[Source data]
------------------------

lemma convex_on_le_vertex_interpolant:
  fixes f :: "(real^'n::finite) \<times> (real^'n) \<Rightarrow> real"
  assumes f: "convex_on unit_cube_pair f"
    and xy: "\<And>i. 0 \<le> x $ i \<and> 0 \<le> y $ i \<and> x $ i + y $ i \<le> 1"
  shows "f (x, y) \<le> vertex_interpolant f (x, y)"
  unfolding vertex_interpolant_def fst_conv snd_conv
proof (rule convex_on_le_sum_PiE_prod_weights[OF f])
  show "finite triangle_vertices" "triangle_vertices \<noteq> {}"
    by (simp_all add: triangle_vertices_def)
  show "(\<chi> i. fst (v i), \<chi> i. snd (v i)) \<in> unit_cube_pair"
    if "v \<in> PiE UNIV (\<lambda>_. triangle_vertices)" for v :: "'n \<Rightarrow> real \<times> real"
    using that triangle_vertex_unit_interval by (simp add: unit_cube_pair_def PiE_iff)
  show "0 \<le> barycentric_weight a (x $ i, y $ i)" if "a \<in> triangle_vertices" for i a
    using barycentric_weight_nonneg[OF that] xy[of i] by blast
qed (simp_all add: sum_barycentric_weight)

lemma vertex_interpolant_at_vertex:
  assumes z: "\<And>i. (fst z $ i, snd z $ i) \<in> triangle_vertices"
  shows "vertex_interpolant f z = f z"
proof -
  define v0 where "v0 i = (fst z $ i, snd z $ i)" for i
  have v0: "v0 \<in> PiE UNIV (\<lambda>_. triangle_vertices)"
    using z by (simp add: v0_def PiE_UNIV_domain)
  have "(\<Prod>i\<in>UNIV. barycentric_weight (v i) (fst z $ i, snd z $ i)) = (if v = v0 then 1 else 0)"
    if v: "v \<in> PiE UNIV (\<lambda>_. triangle_vertices)" for v
  proof -
    have weight: "barycentric_weight (v i) (fst z $ i, snd z $ i) = (if v i = v0 i then 1 else 0)" for i
      using v z by (simp add: barycentric_weight_vertex v0_def PiE_iff)
    show ?thesis
    proof (cases "v = v0")
      case False
      then obtain j where "v j \<noteq> v0 j" by auto
      then have "\<exists>j\<in>UNIV. barycentric_weight (v j) (fst z $ j, snd z $ j) = 0"
        using weight by auto
      with False show ?thesis by (simp add: prod_zero)
    qed (use weight in simp)
  qed
  then have "vertex_interpolant f z = (\<Sum>v\<in>PiE UNIV (\<lambda>_. triangle_vertices).
      if v = v0 then f (\<chi> i. fst (v i), \<chi> i. snd (v i)) else 0)"
    unfolding vertex_interpolant_def by (intro sum.cong) auto
  also have "\<dots> = f z"
    using v0 by (simp add: finite_PiE v0_def)
  finally show ?thesis .
qed

section \<open>Expectations\<close>

lemma borel_measurable_barycentric_weight [measurable]:
  "barycentric_weight v \<in> borel_measurable borel"
  unfolding barycentric_weight_def by (intro borel_measurable_continuous_onI continuous_intros)

lemma borel_measurable_fst_snd:
  "(fst :: real \<times> real \<Rightarrow> real) \<in> borel_measurable borel"
  "(snd :: real \<times> real \<Rightarrow> real) \<in> borel_measurable borel"
  by (intro borel_measurable_continuous_onI continuous_intros)+

lemma borel_measurable_pair_components:
  fixes U V :: "'a \<Rightarrow> real"
  assumes "(\<lambda>\<omega>. (U \<omega>, V \<omega>)) \<in> borel_measurable M"
  shows "U \<in> borel_measurable M" "V \<in> borel_measurable M"
  using measurable_compose[OF assms borel_measurable_fst_snd(1)]
    measurable_compose[OF assms borel_measurable_fst_snd(2)] by simp_all

lemma borel_measurable_vec_lambda:
  assumes "\<And>i. g i \<in> borel_measurable M"
  shows "(\<lambda>\<omega>. (\<chi> i. g i \<omega>) :: real^'n::finite) \<in> borel_measurable M"
  using assms by (subst borel_measurable_euclidean_space) (auto simp: Basis_vec_def inner_axis)
lemma KP_face_Inr_Inl:
  assumes P: "partition_on {1..n+1} P" and "B \<in> P" "j \<in> B"
  shows "insert (Inr B) (Inl ` ({1..n+1} - {j})) \<in> KP n P"
proof (rule KP_memI[OF P])
  show "insert (Inr B) (Inl ` ({1..n+1} - {j})) \<subseteq> KP_vertices n P"
    using assms(2) by (auto simp: KP_vertices_def)
  fix B'
  assume "Inr B' \<in> insert (Inr B) (Inl ` ({1..n+1} - {j}))"
  then show "\<exists>j'\<in>B'. Inl j' \<notin> insert (Inr B) (Inl ` ({1..n+1} - {j}))"
    using assms(3) by (intro bexI[of _ j]) auto
qed simp

lemma KP_face_Inr_Inr:
  assumes P: "partition_on {1..n+1} P" and "B \<in> P" "C \<in> P" "j \<in> B" "k \<in> C"
  shows "insert (Inr B) (insert (Inr C) (Inl ` ({1..n+1} - {j, k}))) \<in> KP n P"
proof (rule KP_memI[OF P])
  let ?T = "insert (Inr B) (insert (Inr C) (Inl ` ({1..n+1} - {j, k})))"
  show "?T \<subseteq> KP_vertices n P"
    using assms(2,3) by (auto simp: KP_vertices_def)
  fix D
  assume "Inr D \<in> ?T"
  then consider "D = B" | "D = C"
    by auto
  then show "\<exists>j'\<in>D. Inl j' \<notin> ?T"
  proof cases
    case 1
    then show ?thesis
      using assms(4) by (intro bexI[of _ j]) auto
  next
    case 2
    then show ?thesis
      using assms(5) by (intro bexI[of _ k]) auto
  qed
qed simp

lemma atLeastAtMost_avoiding:
  fixes n j k :: nat
  assumes "n \<ge> 2"
  shows "\<exists>p\<in>{1..n+1}. p \<noteq> j \<and> p \<noteq> k" and "\<exists>p\<in>{1..n+1}. \<exists>q\<in>{1..n+1}. p \<noteq> q \<and> p \<noteq> j \<and> q \<noteq> j"
proof -
  have "{1, 2, 3} \<subseteq> {1..n+1}"
    using assms by auto
  moreover have "\<exists>p\<in>{1, 2, 3}. p \<noteq> j \<and> p \<noteq> k" "\<exists>p\<in>{1, 2, 3}. \<exists>q\<in>{1, 2, 3}. p \<noteq> q \<and> p \<noteq> j \<and> q \<noteq> j"
    by auto
  ultimately show "\<exists>p\<in>{1..n+1}. p \<noteq> j \<and> p \<noteq> k" "\<exists>p\<in>{1..n+1}. \<exists>q\<in>{1..n+1}. p \<noteq> q \<and> p \<noteq> j \<and> q \<noteq> j"
    by (meson subsetD)+
qed

locale KP_equilateral_faces =
  fixes n :: nat and P :: "nat set set" and g :: "nat + nat set \<Rightarrow> 'a::metric_space"
  assumes n: "n \<ge> 2" and partition: "partition_on {1..n+1} P"
    and inj: "inj_on g (KP_vertices n P)"
    and faces: "\<And>T. T \<in> KP n P \<Longrightarrow> \<exists>d. equilateral (g ` T) d"
begin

------------------------

Activity: All the entries above need to be repeated word for word.

Response to this task:
lemma convex_on_le_vertex_interpolant:
  fixes f :: "(real^'n::finite) \<times> (real^'n) \<Rightarrow> real"
  assumes f: "convex_on unit_cube_pair f"
    and xy: "\<And>i. 0 \<le> x $ i \<and> 0 \<le> y $ i \<and> x $ i + y $ i \<le> 1"
  shows "f (x, y) \<le> vertex_interpolant f (x, y)"
  unfolding vertex_interpolant_def fst_conv snd_conv
proof (rule convex_on_le_sum_PiE_prod_weights[OF f])
  show "finite triangle_vertices" "triangle_vertices \<noteq> {}"
    by (simp_all add: triangle_vertices_def)
  show "(\<chi> i. fst (v i), \<chi> i. snd (v i)) \<in> unit_cube_pair"
    if "v \<in> PiE UNIV (\<lambda>_. triangle_vertices)" for v :: "'n \<Rightarrow> real \<times> real"
    using that triangle_vertex_unit_interval by (simp add: unit_cube_pair_def PiE_iff)
  show "0 \<le> barycentric_weight a (x $ i, y $ i)" if "a \<in> triangle_vertices" for i a
    using barycentric_weight_nonneg[OF that] xy[of i] by blast
qed (simp_all add: sum_barycentric_weight)

lemma vertex_interpolant_at_vertex:
  assumes z: "\<And>i. (fst z $ i, snd z $ i) \<in> triangle_vertices"
  shows "vertex_interpolant f z = f z"
proof -
  define v0 where "v0 i = (fst z $ i, snd z $ i)" for i
  have v0: "v0 \<in> PiE UNIV (\<lambda>_. triangle_vertices)"
    using z by (simp add: v0_def PiE_UNIV_domain)
  have "(\<Prod>i\<in>UNIV. barycentric_weight (v i) (fst z $ i, snd z $ i)) = (if v = v0 then 1 else 0)"
    if v: "v \<in> PiE UNIV (\<lambda>_. triangle_vertices)" for v
  proof -
    have weight: "barycentric_weight (v i) (fst z $ i, snd z $ i) = (if v i = v0 i then 1 else 0)" for i
      using v z by (simp add: barycentric_weight_vertex v0_def PiE_iff)
    show ?thesis
    proof (cases "v = v0")
      case False
      then obtain j where "v j \<noteq> v0 j" by auto
      then have "\<exists>j\<in>UNIV. barycentric_weight (v j) (fst z $ j, snd z $ j) = 0"
        using weight by auto
      with False show ?thesis by (simp add: prod_zero)
    qed (use weight in simp)
  qed
  then have "vertex_interpolant f z = (\<Sum>v\<in>PiE UNIV (\<lambda>_. triangle_vertices).
      if v = v0 then f (\<chi> i. fst (v i), \<chi> i. snd (v i)) else 0)"
    unfolding vertex_interpolant_def by (intro sum.cong) auto
  also have "\<dots> = f z"
    using v0 by (simp add: finite_PiE v0_def)
  finally show ?thesis .
qed

section \<open>Expectations\<close>

lemma borel_measurable_barycentric_weight [measurable]:
  "barycentric_weight v \<in> borel_measurable borel"
  unfolding barycentric_weight_def by (intro borel_measurable_continuous_onI continuous_intros)

lemma borel_measurable_fst_snd:
  "(fst :: real \<times> real \<Rightarrow> real) \<in> borel_measurable borel"
  "(snd :: real \<times> real \<Rightarrow> real) \<in> borel_measurable borel"
  by (intro borel_measurable_continuous_onI continuous_intros)+

lemma borel_measurable_pair_components:
  fixes U V :: "'a \<Rightarrow> real"
  assumes "(\<lambda>\<omega>. (U \<omega>, V \<omega>)) \<in> borel_measurable M"
  shows "U \<in> borel_measurable M" "V \<in> borel_measurable M"
  using measurable_compose[OF assms borel_measurable_fst_snd(1)]
    measurable_compose[OF assms borel_measurable_fst_snd(2)] by simp_all

lemma borel_measurable_vec_lambda:
  assumes "\<And>i. g i \<in> borel_measurable M"
  shows "(\<lambda>\<omega>. (\<chi> i. g i \<omega>) :: real^'n::finite) \<in> borel_measurable M"
  using assms by (subst borel_measurable_euclidean_space) (auto simp: Basis_vec_def inner_axis)
lemma KP_face_Inr_Inl:
  assumes P: "partition_on {1..n+1} P" and "B \<in> P" "j \<in> B"
  shows "insert (Inr B) (Inl ` ({1..n+1} - {j})) \<in> KP n P"
proof (rule KP_memI[OF P])
  show "insert (Inr B) (Inl ` ({1..n+1} - {j})) \<subseteq> KP_vertices n P"
    using assms(2) by (auto simp: KP_vertices_def)
  fix B'
  assume "Inr B' \<in> insert (Inr B) (Inl ` ({1..n+1} - {j}))"
  then show "\<exists>j'\<in>B'. Inl j' \<notin> insert (Inr B) (Inl ` ({1..n+1} - {j}))"
    using assms(3) by (intro bexI[of _ j]) auto
qed simp

lemma KP_face_Inr_Inr:
  assumes P: "partition_on {1..n+1} P" and "B \<in> P" "C \<in> P" "j \<in> B" "k \<in> C"
  shows "insert (Inr B) (insert (Inr C) (Inl ` ({1..n+1} - {j, k}))) \<in> KP n P"
proof (rule KP_memI[OF P])
  let ?T = "insert (Inr B) (insert (Inr C) (Inl ` ({1..n+1} - {j, k})))"
  show "?T \<subseteq> KP_vertices n P"
    using assms(2,3) by (auto simp: KP_vertices_def)
  fix D
  assume "Inr D \<in> ?T"
  then consider "D = B" | "D = C"
    by auto
  then show "\<exists>j'\<in>D. Inl j' \<notin> ?T"
  proof cases
    case 1
    then show ?thesis
      using assms(4) by (intro bexI[of _ j]) auto
  next
    case 2
    then show ?thesis
      using assms(5) by (intro bexI[of _ k]) auto
  qed
qed simp

lemma atLeastAtMost_avoiding:
  fixes n j k :: nat
  assumes "n \<ge> 2"
  shows "\<exists>p\<in>{1..n+1}. p \<noteq> j \<and> p \<noteq> k" and "\<exists>p\<in>{1..n+1}. \<exists>q\<in>{1..n+1}. p \<noteq> q \<and> p \<noteq> j \<and> q \<noteq> j"
proof -
  have "{1, 2, 3} \<subseteq> {1..n+1}"
    using assms by auto
  moreover have "\<exists>p\<in>{1, 2, 3}. p \<noteq> j \<and> p \<noteq> k" "\<exists>p\<in>{1, 2, 3}. \<exists>q\<in>{1, 2, 3}. p \<noteq> q \<and> p \<noteq> j \<and> q \<noteq> j"
    by auto
  ultimately show "\<exists>p\<in>{1..n+1}. p \<noteq> j \<and> p \<noteq> k" "\<exists>p\<in>{1..n+1}. \<exists>q\<in>{1..n+1}. p \<noteq> q \<and> p \<noteq> j \<and> q \<noteq> j"
    by (meson subsetD)+
qed

locale KP_equilateral_faces =
  fixes n :: nat and P :: "nat set set" and g :: "nat + nat set \<Rightarrow> 'a::metric_space"
  assumes n: "n \<ge> 2" and partition: "partition_on {1..n+1} P"
    and inj: "inj_on g (KP_vertices n P)"
    and faces: "\<And>T. T \<in> KP n P \<Longrightarrow> \<exists>d. equilateral (g ` T) d"
begin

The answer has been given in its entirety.